ABOUT THIS EXERCISE: Output all entries verbatim.

☆ ☆ ☆

(* Let $a,b\in\mathbb{N}$ with $a\ge b$, let $T(a,b)$ be the classical Jacobi operator, fix $k\in\{0,1,\ldots,b-1\}$ and let $E_k$ be the eigenspace of $T(a,b)$ for the eigenvalue $(k+1)(k-a-b)$. Then $E_k$ is 2-dimensional and consists of rational functions. There are three distinct one-dimensional subspaces $L_2,L_3,L_4\subset E_k$ such that: every nonzero element of $L_2$ is a type 2 eigenfunction of index $k$ and degree $k-a-b$; every nonzero element of $L_3$ is a type 3 eigenfunction of index $a-k-1$ and degree $-k-1$; every nonzero element of $L_4$ is a type 4 eigenfunction of index $b-k-1$ and degree $-k-1$; and every element of $E_k\setminus(L_2\cup L_3\cup L_4)$ is a type 2 eigenfunction of index $a+b-k-1$ and degree $-k-1$.
   Context: $D=d/dx$; $T(a,b)=(x^2-1)\big(D^2+(\frac{a+1}{x-1}+\frac{b+1}{x+1})D\big)$. For a nonzero eigenfunction $\phi$ with $w=\phi'/\phi$ rational: its asymptotic type is 1 if $w$ is regular at $x=\pm1$, 2 if $w$ has poles at both $x=1$ and $x=-1$, 3 if it has a pole at $x=1$ but not at $x=-1$, 4 if it has a pole at $x=-1$ but not at $x=1$; its degree is $\lim_{x\to\infty}xw(x)$ (for rational $\phi$, degree of numerator minus degree of denominator); its index is $\deg\phi-d_\imath$ where $\imath$ is its type and $d_1=0$, $d_2=-a-b$, $d_3=-a$, $d_4=-b$. *)

theory Defs
  imports "HOL-Analysis.Analysis" "HOL-Computational_Algebra.Polynomial"
begin

text \<open>Eigenfunctions are real functions considered on the interval (1, infinity),
  the region where the Jacobi operator is regular; equality of functions is
  always understood on this interval.\<close>

definition jacobiT :: "nat \<Rightarrow> nat \<Rightarrow> (real \<Rightarrow> real) \<Rightarrow> real \<Rightarrow> real" where
  "jacobiT a b \<phi> x = (x\<^sup>2 - 1) *
     (deriv (deriv \<phi>) x + ((real a + 1) / (x - 1) + (real b + 1) / (x + 1)) * deriv \<phi> x)"

definition jacobi_eigenspace :: "nat \<Rightarrow> nat \<Rightarrow> real \<Rightarrow> (real \<Rightarrow> real) set" where
  "jacobi_eigenspace a b lam =
     {\<phi>. (\<forall>x>1. \<phi> differentiable (at x) \<and> deriv \<phi> differentiable (at x)
              \<and> jacobiT a b \<phi> x = lam * \<phi> x)}"

definition nonzero_on :: "(real \<Rightarrow> real) \<Rightarrow> bool" where
  "nonzero_on \<phi> \<longleftrightarrow> (\<exists>x>1. \<phi> x \<noteq> 0)"

definition in_line :: "(real \<Rightarrow> real) \<Rightarrow> (real \<Rightarrow> real) \<Rightarrow> bool" where
  "in_line \<psi> \<phi> \<longleftrightarrow> (\<exists>c. \<forall>x>1. \<phi> x = c * \<psi> x)"

definition lin_indep2 :: "(real \<Rightarrow> real) \<Rightarrow> (real \<Rightarrow> real) \<Rightarrow> bool" where
  "lin_indep2 \<phi>1 \<phi>2 \<longleftrightarrow>
     (\<forall>c1 c2. (\<forall>x>1. c1 * \<phi>1 x + c2 * \<phi>2 x = 0) \<longrightarrow> c1 = 0 \<and> c2 = 0)"

definition rational_fun :: "(real \<Rightarrow> real) \<Rightarrow> bool" where
  "rational_fun \<phi> \<longleftrightarrow> (\<exists>p q. q \<noteq> 0 \<and> (\<forall>x>1. poly q x * \<phi> x = poly p x))"

definition logderiv_rational :: "(real \<Rightarrow> real) \<Rightarrow> bool" where
  "logderiv_rational \<phi> \<longleftrightarrow>
     (\<exists>N D. D \<noteq> 0 \<and> (\<forall>x>1. poly D x * deriv \<phi> x = poly N x * \<phi> x))"

definition logderiv_regular_at :: "(real \<Rightarrow> real) \<Rightarrow> real \<Rightarrow> bool" where
  "logderiv_regular_at \<phi> c \<longleftrightarrow>
     (\<exists>N D. poly D c \<noteq> 0 \<and> (\<forall>x>1. poly D x * deriv \<phi> x = poly N x * \<phi> x))"

definition asym_type :: "(real \<Rightarrow> real) \<Rightarrow> nat" where
  "asym_type \<phi> =
     (if logderiv_regular_at \<phi> 1 \<and> logderiv_regular_at \<phi> (-1) then 1
      else if \<not> logderiv_regular_at \<phi> 1 \<and> \<not> logderiv_regular_at \<phi> (-1) then 2
      else if \<not> logderiv_regular_at \<phi> 1 then 3
      else 4)"

definition has_eig_degree :: "(real \<Rightarrow> real) \<Rightarrow> real \<Rightarrow> bool" where
  "has_eig_degree \<phi> d \<longleftrightarrow> ((\<lambda>x. x * (deriv \<phi> x / \<phi> x)) \<longlongrightarrow> d) at_top"

definition type_offset :: "nat \<Rightarrow> nat \<Rightarrow> nat \<Rightarrow> real" where
  "type_offset a b t =
     (if t = 1 then 0 else if t = 2 then - real a - real b
      else if t = 3 then - real a else - real b)"

definition has_eig_index :: "nat \<Rightarrow> nat \<Rightarrow> (real \<Rightarrow> real) \<Rightarrow> real \<Rightarrow> bool" where
  "has_eig_index a b \<phi> i \<longleftrightarrow>
     (\<exists>d. has_eig_degree \<phi> d \<and> i = d - type_offset a b (asym_type \<phi>))"

definition typed_eigenfunction ::
  "nat \<Rightarrow> nat \<Rightarrow> (real \<Rightarrow> real) \<Rightarrow> nat \<Rightarrow> real \<Rightarrow> real \<Rightarrow> bool" where
  "typed_eigenfunction a b \<phi> t i d \<longleftrightarrow>
     nonzero_on \<phi> \<and> logderiv_rational \<phi> \<and> asym_type \<phi> = t
     \<and> has_eig_index a b \<phi> i \<and> has_eig_degree \<phi> d"

end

☆ ☆ ☆

RESULT FOR THIS TASK:
(* Let $a,b\in\mathbb{N}$ with $a\ge b$, let $T(a,b)$ be the classical Jacobi operator, fix $k\in\{0,1,\ldots,b-1\}$ and let $E_k$ be the eigenspace of $T(a,b)$ for the eigenvalue $(k+1)(k-a-b)$. Then $E_k$ is 2-dimensional and consists of rational functions. There are three distinct one-dimensional subspaces $L_2,L_3,L_4\subset E_k$ such that: every nonzero element of $L_2$ is a type 2 eigenfunction of index $k$ and degree $k-a-b$; every nonzero element of $L_3$ is a type 3 eigenfunction of index $a-k-1$ and degree $-k-1$; every nonzero element of $L_4$ is a type 4 eigenfunction of index $b-k-1$ and degree $-k-1$; and every element of $E_k\setminus(L_2\cup L_3\cup L_4)$ is a type 2 eigenfunction of index $a+b-k-1$ and degree $-k-1$.
   Context: $D=d/dx$; $T(a,b)=(x^2-1)\big(D^2+(\frac{a+1}{x-1}+\frac{b+1}{x+1})D\big)$. For a nonzero eigenfunction $\phi$ with $w=\phi'/\phi$ rational: its asymptotic type is 1 if $w$ is regular at $x=\pm1$, 2 if $w$ has poles at both $x=1$ and $x=-1$, 3 if it has a pole at $x=1$ but not at $x=-1$, 4 if it has a pole at $x=-1$ but not at $x=1$; its degree is $\lim_{x\to\infty}xw(x)$ (for rational $\phi$, degree of numerator minus degree of denominator); its index is $\deg\phi-d_\imath$ where $\imath$ is its type and $d_1=0$, $d_2=-a-b$, $d_3=-a$, $d_4=-b$. *)

theory Defs
  imports "HOL-Analysis.Analysis" "HOL-Computational_Algebra.Polynomial"
begin

text \<open>Eigenfunctions are real functions considered on the interval (1, infinity),
  the region where the Jacobi operator is regular; equality of functions is
  always understood on this interval.\<close>

definition jacobiT :: "nat \<Rightarrow> nat \<Rightarrow> (real \<Rightarrow> real) \<Rightarrow> real \<Rightarrow> real" where
  "jacobiT a b \<phi> x = (x\<^sup>2 - 1) *
     (deriv (deriv \<phi>) x + ((real a + 1) / (x - 1) + (real b + 1) / (x + 1)) * deriv \<phi> x)"

definition jacobi_eigenspace :: "nat \<Rightarrow> nat \<Rightarrow> real \<Rightarrow> (real \<Rightarrow> real) set" where
  "jacobi_eigenspace a b lam =
     {\<phi>. (\<forall>x>1. \<phi> differentiable (at x) \<and> deriv \<phi> differentiable (at x)
              \<and> jacobiT a b \<phi> x = lam * \<phi> x)}"

definition nonzero_on :: "(real \<Rightarrow> real) \<Rightarrow> bool" where
  "nonzero_on \<phi> \<longleftrightarrow> (\<exists>x>1. \<phi> x \<noteq> 0)"

definition in_line :: "(real \<Rightarrow> real) \<Rightarrow> (real \<Rightarrow> real) \<Rightarrow> bool" where
  "in_line \<psi> \<phi> \<longleftrightarrow> (\<exists>c. \<forall>x>1. \<phi> x = c * \<psi> x)"

definition lin_indep2 :: "(real \<Rightarrow> real) \<Rightarrow> (real \<Rightarrow> real) \<Rightarrow> bool" where
  "lin_indep2 \<phi>1 \<phi>2 \<longleftrightarrow>
     (\<forall>c1 c2. (\<forall>x>1. c1 * \<phi>1 x + c2 * \<phi>2 x = 0) \<longrightarrow> c1 = 0 \<and> c2 = 0)"

definition rational_fun :: "(real \<Rightarrow> real) \<Rightarrow> bool" where
  "rational_fun \<phi> \<longleftrightarrow> (\<exists>p q. q \<noteq> 0 \<and> (\<forall>x>1. poly q x * \<phi> x = poly p x))"

definition logderiv_rational :: "(real \<Rightarrow> real) \<Rightarrow> bool" where
  "logderiv_rational \<phi> \<longleftrightarrow>
     (\<exists>N D. D \<noteq> 0 \<and> (\<forall>x>1. poly D x * deriv \<phi> x = poly N x * \<phi> x))"

definition logderiv_regular_at :: "(real \<Rightarrow> real) \<Rightarrow> real \<Rightarrow> bool" where
  "logderiv_regular_at \<phi> c \<longleftrightarrow>
     (\<exists>N D. poly D c \<noteq> 0 \<and> (\<forall>x>1. poly D x * deriv \<phi> x = poly N x * \<phi> x))"

definition asym_type :: "(real \<Rightarrow> real) \<Rightarrow> nat" where
  "asym_type \<phi> =
     (if logderiv_regular_at \<phi> 1 \<and> logderiv_regular_at \<phi> (-1) then 1
      else if \<not> logderiv_regular_at \<phi> 1 \<and> \<not> logderiv_regular_at \<phi> (-1) then 2
      else if \<not> logderiv_regular_at \<phi> 1 then 3
      else 4)"

definition has_eig_degree :: "(real \<Rightarrow> real) \<Rightarrow> real \<Rightarrow> bool" where
  "has_eig_degree \<phi> d \<longleftrightarrow> ((\<lambda>x. x * (deriv \<phi> x / \<phi> x)) \<longlongrightarrow> d) at_top"

definition type_offset :: "nat \<Rightarrow> nat \<Rightarrow> nat \<Rightarrow> real" where
  "type_offset a b t =
     (if t = 1 then 0 else if t = 2 then - real a - real b
      else if t = 3 then - real a else - real b)"

definition has_eig_index :: "nat \<Rightarrow> nat \<Rightarrow> (real \<Rightarrow> real) \<Rightarrow> real \<Rightarrow> bool" where
  "has_eig_index a b \<phi> i \<longleftrightarrow>
     (\<exists>d. has_eig_degree \<phi> d \<and> i = d - type_offset a b (asym_type \<phi>))"

definition typed_eigenfunction ::
  "nat \<Rightarrow> nat \<Rightarrow> (real \<Rightarrow> real) \<Rightarrow> nat \<Rightarrow> real \<Rightarrow> real \<Rightarrow> bool" where
  "typed_eigenfunction a b \<phi> t i d \<longleftrightarrow>
     nonzero_on \<phi> \<and> logderiv_rational \<phi> \<and> asym_type \<phi> = t
     \<and> has_eig_index a b \<phi> i \<and> has_eig_degree \<phi> d"

end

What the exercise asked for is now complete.